How to round a numpy array?

pythonarraysnumpyrounding

提问by ajayramesh

I have a numpy array, something like below:

我有一个 numpy 数组,如下所示:

data = np.array([  1.60130719e-01,   9.93827160e-01,   3.63108206e-04])

and I want to round each element to two decimal places.

我想将每个元素四舍五入到两位小数。

How can I do so?

我怎么能这样做?

回答by Joe Iddon

Numpy provides two identical methods to do this. Either use

Numpy 提供了两种相同的方法来做到这一点。要么使用

np.round(data, 2)

or

或者

np.around(data, 2)

as they are equivalent.

因为它们是等价的。

See the documentationfor more information.

有关更多信息,请参阅文档



Examples:

例子:

>>> import numpy as np
>>> a = np.array([0.015, 0.235, 0.112])
>>> np.round(a, 2)
array([0.02, 0.24, 0.11])
>>> np.around(a, 2)
array([0.02, 0.24, 0.11])
>>> np.round(a, 1)
array([0. , 0.2, 0.1])

回答by jmd_dk

If you want the output to be

如果您希望输出为

array([1.6e-01, 9.9e-01, 3.6e-04])

the problem is not really a missing feature of NumPy, but rather that this sort of rounding is not a standard thing to do. You can make your own rounding function which achieves this like so:

问题并不是 NumPy 真正缺失的功能,而是这种舍入不是标准的做法。您可以制作自己的舍入函数,如下所示:

def my_round(value, N):
    exponent = np.ceil(np.log10(value))
    return 10**exponent*np.round(value*10**(-exponent), N)

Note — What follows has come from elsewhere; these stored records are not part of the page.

lemma bessel_reduced_pos_interlace:
  assumes "n < m" "0 \<le> t" "t \<le> L"
    and pos: "\<And>s. 0 \<le> s \<Longrightarrow> s \<le> L \<Longrightarrow> 0 < bessel_reduced n s"
  shows "0 < bessel_reduced m t"
proof (rule ccontr)
  assume "\<not> 0 < bessel_reduced m t"
  then obtain t\<^sub>0 where "0 < t\<^sub>0" "t\<^sub>0 \<le> t" and zero: "bessel_reduced m t\<^sub>0 = 0"
    and below: "\<And>s. 0 \<le> s \<Longrightarrow> s < t\<^sub>0 \<Longrightarrow> 0 < bessel_reduced m s"
    using exists_first_zero[OF continuous_on_bessel_reduced[of _ m], where a = 0 and b = t and t = t]
      assms(2)
    by (auto simp: bessel_reduced_0)
  have cross_pos: "0 < bessel_cross n m t\<^sub>0"
    using assms \<open>0 < t\<^sub>0\<close> \<open>t\<^sub>0 \<le> t\<close> by (intro bessel_cross_pos_nonneg below pos conjI) auto
  have cross_eq: "bessel_cross n m t\<^sub>0
      = - (t\<^sub>0 / 2 * (bessel_reduced n t\<^sub>0 * bessel_reduced (Suc m) t\<^sub>0))"
    unfolding bessel_cross_def zero by simp
  \<comment> \<open>The derivative \<open>- bessel_reduced (Suc m) t\<^sub>0 / 4\<close> cannot be positive at a first zero.\<close>
  have "0 \<le> bessel_reduced (Suc m) t\<^sub>0"
  proof (rule ccontr)
    assume "\<not> 0 \<le> bessel_reduced (Suc m) t\<^sub>0"
    then obtain d where "0 < d" and d: "\<And>h. 0 < h \<Longrightarrow> h < d \<Longrightarrow> bessel_reduced m (t\<^sub>0 - h) < 0"
      using DERIV_pos_inc_left[OF has_field_derivative_bessel_reduced[of m t\<^sub>0 UNIV]] zero by auto
    define h where "h = min d t\<^sub>0 / 2"
    have "bessel_reduced m (t\<^sub>0 - h) < 0" "0 < bessel_reduced m (t\<^sub>0 - h)"
      using \<open>0 < d\<close> \<open>0 < t\<^sub>0\<close> by (auto simp: h_def intro!: d below)
    then show False
      by simp
  qed
  moreover have "0 < bessel_reduced n t\<^sub>0"
    using assms \<open>0 < t\<^sub>0\<close> \<open>t\<^sub>0 \<le> t\<close> by (intro pos) auto
  ultimately have "0 \<le> t\<^sub>0 / 2 * (bessel_reduced n t\<^sub>0 * bessel_reduced (Suc m) t\<^sub>0)"
    using \<open>0 < t\<^sub>0\<close> by simp
  with cross_pos cross_eq show False
    by linarith
qed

For a general solution handling 0and negative values as well, you can do something like this:

对于一般解决方案处理0和负值,您可以执行以下操作:

def my_round(value, N):
    value = np.asarray(value).copy()
    zero_mask = (value == 0)
    value[zero_mask] = 1.0
    sign_mask = (value < 0)
    value[sign_mask] *= -1
    exponent = np.ceil(np.log10(value))
    result = 10**exponent*np.round(value*10**(-exponent), N)
    result[sign_mask] *= -1
    result[zero_mask] = 0.0
    return result

回答by Matthew Salvatore Viglione

It is worth noting that the accepted answer will round small floats down to zero.

值得注意的是,接受的答案会将小浮点数舍入为零。

>>> import numpy as np 
>>> arr = np.asarray([2.92290007e+00, -1.57376965e-03, 4.82011728e-08, 1.92896977e-12])
>>> print(arr)
[ 2.92290007e+00 -1.57376965e-03  4.82011728e-08  1.92896977e-12]
>>> np.round(arr, 2)
array([ 2.92, -0.  ,  0.  ,  0.  ]) 

You can use set_printoptionsand a custom formatter to fix this and get a more numpy-esque printout with fewer decimal places:

您可以使用set_printoptions自定义格式化程序来解决此问题,并获得小数位数更少的更numpy-esque 打印输出:

>>> np.set_printoptions(formatter={'float': "{0:0.2e}".format})
>>> print(arr)
[2.92e+00 -1.57e-03 4.82e-08 1.93e-12]  

This way, you get the full versatility of formatand maintain the full precision of numpy's datatypes.

通过这种方式,您可以获得formatnumpy 数据类型的完整多功能性并保持其完整精度。

Also note that this only affects printing, not the actual precision of the stored values used for computation.

另请注意,这仅影响打印,而不影响用于计算的存储值的实际精度。